[[ Data to use, beginning ]]

lemma intertwiner_comp:
  assumes \<phi>: "intertwiner n I \<rho> \<sigma> \<phi>" and \<psi>: "intertwiner n I \<sigma> \<tau> \<psi>"
    and maps: "\<And>i. i \<in> I \<Longrightarrow> \<phi> i \<in> carrier_mat d d \<and> \<psi> i \<in> carrier_mat d d"
    and actions: "\<And>p. vpath n I p \<Longrightarrow> \<rho> p \<in> carrier_mat d d \<and> \<sigma> p \<in> carrier_mat d d"
  shows "intertwiner n I \<rho> \<tau> (\<lambda>i. \<psi> i * \<phi> i)"
  unfolding intertwiner_def
proof (intro allI impI)
  fix p assume p: "vpath n I p"
  let ?s = "psrc p" and ?t = "ptgt p"
  have c: "\<phi> ?s \<in> carrier_mat d d" "\<phi> ?t \<in> carrier_mat d d" "\<psi> ?s \<in> carrier_mat d d"
    "\<psi> ?t \<in> carrier_mat d d" "\<rho> p \<in> carrier_mat d d" "\<sigma> p \<in> carrier_mat d d"
    using maps actions p vpath_ends by blast+
  have \<phi>p: "\<phi> ?t * \<rho> p = \<sigma> p * \<phi> ?s" and \<psi>p: "\<psi> ?t * \<sigma> p = \<tau> p * \<psi> ?s"
    using \<phi> \<psi> p unfolding intertwiner_def by blast+
  have "\<psi> ?t * \<phi> ?t * \<rho> p = \<psi> ?t * (\<sigma> p * \<phi> ?s)"
    using c \<phi>p by simp
  also have "\<dots> = \<psi> ?t * \<sigma> p * \<phi> ?s"
    using c by simp
  also have "\<dots> = \<tau> p * \<psi> ?s * \<phi> ?s"
    by (simp only: \<psi>p)
  also have "\<dots> = \<tau> p * (\<psi> ?s * \<phi> ?s)"
    using c(3,1) by (rule mult_mat_assoc_left_free)
  finally show "\<psi> ?t * \<phi> ?t * \<rho> p = \<tau> p * (\<psi> ?s * \<phi> ?s)" .
qed

text \<open>Here \<sigma> is not assumed to be square: rep_iso does not require its target to be a
  representation, so \<sigma> p may carry extra columns that \<sigma> p * \<phi> (psrc p) ignores. This is why
  associativity is only available in the form of mult_mat_assoc_left_free.\<close>

lemma intertwiner_inverse_comp:
  assumes \<phi>: "intertwiner n I \<rho> \<sigma> \<phi>" and \<psi>: "intertwiner n I \<rho>' \<sigma> \<psi>"
    and maps: "\<And>i. i \<in> I \<Longrightarrow> inverse_mats d (\<phi> i) (\<beta> i) \<and> \<psi> i \<in> carrier_mat d d"
    and actions: "\<And>p. vpath n I p \<Longrightarrow> \<rho> p \<in> carrier_mat d d \<and> \<rho>' p \<in> carrier_mat d d"
  shows "intertwiner n I \<rho>' \<rho> (\<lambda>i. \<beta> i * \<psi> i)"
  unfolding intertwiner_def
proof (intro allI impI)
  fix p assume p: "vpath n I p"
  let ?s = "psrc p" and ?t = "ptgt p"
  have inv: "inverse_mats d (\<phi> ?s) (\<beta> ?s)" "inverse_mats d (\<phi> ?t) (\<beta> ?t)"
    and c: "\<psi> ?s \<in> carrier_mat d d" "\<psi> ?t \<in> carrier_mat d d" "\<rho> p \<in> carrier_mat d d"
      "\<rho>' p \<in> carrier_mat d d"
    using maps actions p vpath_ends by blast+
  have c\<phi>: "\<phi> ?s \<in> carrier_mat d d" "\<beta> ?s \<in> carrier_mat d d" "\<phi> ?t \<in> carrier_mat d d"
    "\<beta> ?t \<in> carrier_mat d d"
    using inv unfolding inverse_mats_def by blast+
  have "\<rho> p = \<beta> ?t * (\<phi> ?t * \<rho> p)"
    using inverse_mats_cancel_left[OF inverse_mats_sym[OF inv(2)] c(3)] by simp
  then have \<rho>: "\<rho> p = \<beta> ?t * (\<sigma> p * \<phi> ?s)"
    using \<phi> p unfolding intertwiner_def by simp
  have \<psi>p: "\<psi> ?t * \<rho>' p = \<sigma> p * \<psi> ?s"
    using \<psi> p unfolding intertwiner_def by blast
  have \<sigma>\<phi>: "\<sigma> p * \<phi> ?s \<in> carrier_mat (dim_row (\<sigma> p)) d"
    using c\<phi>(1) unfolding carrier_mat_def by simp
  have X: "\<beta> ?s * \<psi> ?s \<in> carrier_mat d d"
    using c\<phi>(2) c(1) by simp
  have "\<rho> p * (\<beta> ?s * \<psi> ?s) = \<beta> ?t * (\<sigma> p * \<phi> ?s * (\<beta> ?s * \<psi> ?s))"
    unfolding \<rho> using \<sigma>\<phi> X by (rule mult_mat_assoc_left_free)
  also have "\<dots> = \<beta> ?t * (\<sigma> p * (\<phi> ?s * (\<beta> ?s * \<psi> ?s)))"
    using mult_mat_assoc_left_free[OF c\<phi>(1) X] by simp
  also have "\<dots> = \<beta> ?t * (\<psi> ?t * \<rho>' p)"
    using inverse_mats_cancel_left[OF inv(1) c(1)] \<psi>p by simp
  also have "\<dots> = \<beta> ?t * \<psi> ?t * \<rho>' p"
    using c c\<phi> by simp
  finally show "\<beta> ?t * \<psi> ?t * \<rho>' p = \<rho> p * (\<beta> ?s * \<psi> ?s)" by simp
qed

lemma rep_isoE:
  assumes "rep_iso n X R S"
  obtains \<phi> \<beta> where
    "\<And>i. i \<in> idem_set X \<Longrightarrow> fst S i = fst R i \<and> inverse_mats (fst R i) (\<phi> i) (\<beta> i)"
    "intertwiner n (idem_set X) (snd R) (snd S) \<phi>"
proof -
  obtain \<phi> where \<phi>: "\<forall>i\<in>idem_set X. \<phi> i \<in> carrier_mat (fst S i) (fst R i) \<and> invertible_mat (\<phi> i)"
    and int: "intertwiner n (idem_set X) (snd R) (snd S) \<phi>"
    using assms unfolding rep_iso_def intertwiner_def by blast
  have "\<forall>i\<in>idem_set X. \<exists>B. fst S i = fst R i \<and> inverse_mats (fst R i) (\<phi> i) B"
  proof
    fix i assume "i \<in> idem_set X"
    with \<phi> invertible_mat_inverse_mats[of "\<phi> i" "fst S i" "fst R i"]
    show "\<exists>B. fst S i = fst R i \<and> inverse_mats (fst R i) (\<phi> i) B" by auto
  qed
  then obtain \<beta> where "\<forall>i\<in>idem_set X. fst S i = fst R i \<and> inverse_mats (fst R i) (\<phi> i) (\<beta> i)"
    by (rule bchoice[elim_format]) blast
  with int that show ?thesis by blast
qed

lemma is_rep_carrier:
  "is_rep n X R \<Longrightarrow> vpath n (idem_set X) p \<Longrightarrow> snd R p \<in> carrier_mat (fst R (ptgt p)) (fst R (psrc p))"
  unfolding is_rep_def Let_def by blast

lemma rep_sum_carrier:
  assumes "is_rep n X R1" "is_rep n X R2" "vpath n (idem_set X) p"
  shows "snd (rep_sum R1 R2) p \<in> carrier_mat (fst R1 (ptgt p) + fst R2 (ptgt p)) (fst R1 (psrc p) + fst R2 (psrc p))"
  using is_rep_carrier[OF assms(1,3)] is_rep_carrier[OF assms(2,3)] unfolding rep_sum_def by simp

lemma rep_sum_block_proj_intertwiner:
  assumes "is_rep n X R1" "is_rep n X R2"
  shows "intertwiner n (idem_set X) (snd (rep_sum R1 R2)) (snd (rep_sum R1 R2))
    (\<lambda>i. block_proj (fst R1 i) (fst R2 i))"
  unfolding intertwiner_def
proof (intro allI impI)
  fix p assume "vpath n (idem_set X) p"
  with is_rep_carrier[OF assms(1)] is_rep_carrier[OF assms(2)]
  show "block_proj (fst R1 (ptgt p)) (fst R2 (ptgt p)) * snd (rep_sum R1 R2) p
      = snd (rep_sum R1 R2) p * block_proj (fst R1 (psrc p)) (fst R2 (psrc p))"
    unfolding rep_sum_def by (simp add: block_proj_commute)
qed

lemma rep_sum_iso_idempotent_endo:
  assumes r: "is_rep n X R1" "is_rep n X R2"
    and iso: "rep_iso n X R (rep_sum R1 R2)"
    and dim: "\<And>i. i \<in> idem_set X \<Longrightarrow> fst R i = d"
    and R: "\<And>p. vpath n (idem_set X) p \<Longrightarrow> snd R p \<in> carrier_mat d d"
  obtains E where "intertwiner n (idem_set X) (snd R) (snd R) E"
    and "\<And>i. i \<in> idem_set X \<Longrightarrow> E i \<in> carrier_mat d d \<and> E i * E i = E i"
    and "\<And>i. i \<in> idem_set X \<Longrightarrow> E i = 0\<^sub>m d d \<Longrightarrow> fst R1 i = 0"
    and "\<And>i. i \<in> idem_set X \<Longrightarrow> E i = 1\<^sub>m d \<Longrightarrow> fst R2 i = 0"
proof -
  let ?I = "idem_set X" and ?\<sigma> = "snd (rep_sum R1 R2)"
  define P :: "nat \<Rightarrow> 'a mat" where "P i = block_proj (fst R1 i) (fst R2 i)" for i
  obtain \<phi> \<beta> where
    \<phi>: "\<And>i. i \<in> ?I \<Longrightarrow> fst R1 i + fst R2 i = d \<and> inverse_mats d (\<phi> i) (\<beta> i)"
    and \<phi>_int: "intertwiner n ?I (snd R) ?\<sigma> \<phi>"
    using iso by (elim rep_isoE) (auto simp: dim rep_sum_def)
  have P: "P i \<in> carrier_mat d d" if "i \<in> ?I" for i
    using block_proj_carrier[of "fst R1 i" "fst R2 i"] \<phi>[OF that] unfolding P_def by simp
  have "intertwiner n ?I (snd R) ?\<sigma> (\<lambda>i. P i * \<phi> i)"
  proof (rule intertwiner_comp[OF \<phi>_int])
    show "intertwiner n ?I ?\<sigma> ?\<sigma> P"
      using rep_sum_block_proj_intertwiner[OF r] unfolding P_def .
    show "snd R p \<in> carrier_mat d d \<and> ?\<sigma> p \<in> carrier_mat d d" if "vpath n ?I p" for p
      using R[OF that] rep_sum_carrier[OF r that] \<phi> vpath_ends[OF that] by simp
  qed (use \<phi> P in \<open>auto simp: inverse_mats_def\<close>)
  then have "intertwiner n ?I (snd R) (snd R) (\<lambda>i. \<beta> i * (P i * \<phi> i))"
    by (rule intertwiner_inverse_comp[OF \<phi>_int])
      (use \<phi> P R in \<open>auto simp: inverse_mats_def intro: mult_carrier_mat\<close>)
  moreover have "\<beta> i * (P i * \<phi> i) \<in> carrier_mat d d \<and>
      \<beta> i * (P i * \<phi> i) * (\<beta> i * (P i * \<phi> i)) = \<beta> i * (P i * \<phi> i)" if "i \<in> ?I" for i
    using \<phi>[OF that] P[OF that] inverse_mats_conj_idem[of d "\<phi> i" "\<beta> i" "P i"] block_proj_idem
    unfolding P_def inverse_mats_def by auto
  moreover have "fst R1 i = 0" if "i \<in> ?I" "\<beta> i * (P i * \<phi> i) = 0\<^sub>m d d" for i
    using inverse_mats_conj_eq_0[OF _ P[OF that(1)] that(2)] \<phi>[OF that(1)] block_proj_neq_zero
    unfolding P_def by fastforce
  moreover have "fst R2 i = 0" if "i \<in> ?I" "\<beta> i * (P i * \<phi> i) = 1\<^sub>m d" for i
    using inverse_mats_conj_eq_1[OF _ P[OF that(1)] that(2)] \<phi>[OF that(1)] block_proj_neq_one
    unfolding P_def by fastforce
  ultimately show ?thesis by (rule that)
qed

lemma alg_closed_infinite:
  assumes "alg_closed TYPE('a::field)"
  shows "infinite (UNIV :: 'a set)"
proof
  assume fin: "finite (UNIV :: 'a set)"
  define q :: "'a poly" where "q = (\<Prod>a\<in>UNIV. [:- a, 1:])"
  have "degree q = card (UNIV :: 'a set)"
    unfolding q_def by (subst degree_prod_eq_sum_degree) auto
  moreover have "card (UNIV :: 'a set) > 0" using fin by (simp add: card_gt_0_iff)
  ultimately have "degree (1 + q) > 0" by (subst degree_add_eq_right) auto
  then obtain x where "poly (1 + q) x = 0" using assms unfolding alg_closed_def by blast
  moreover have "poly q x = 0" unfolding q_def poly_prod using fin by (simp add: prod_zero_iff)
  ultimately show False by simp
qed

[[ Data to use, end ]]

Your task is to quote, without any alteration, the lines running from the top of the records to the line that holds "d \<and> \<sigma>", both included.

## Exercise output
lemma intertwiner_comp:
  assumes \<phi>: "intertwiner n I \<rho> \<sigma> \<phi>" and \<psi>: "intertwiner n I \<sigma> \<tau> \<psi>"
    and maps: "\<And>i. i \<in> I \<Longrightarrow> \<phi> i \<in> carrier_mat d d \<and> \<psi> i \<in> carrier_mat d d"
    and actions: "\<And>p. vpath n I p \<Longrightarrow> \<rho> p \<in> carrier_mat d d \<and> \<sigma> p \<in> carrier_mat d d"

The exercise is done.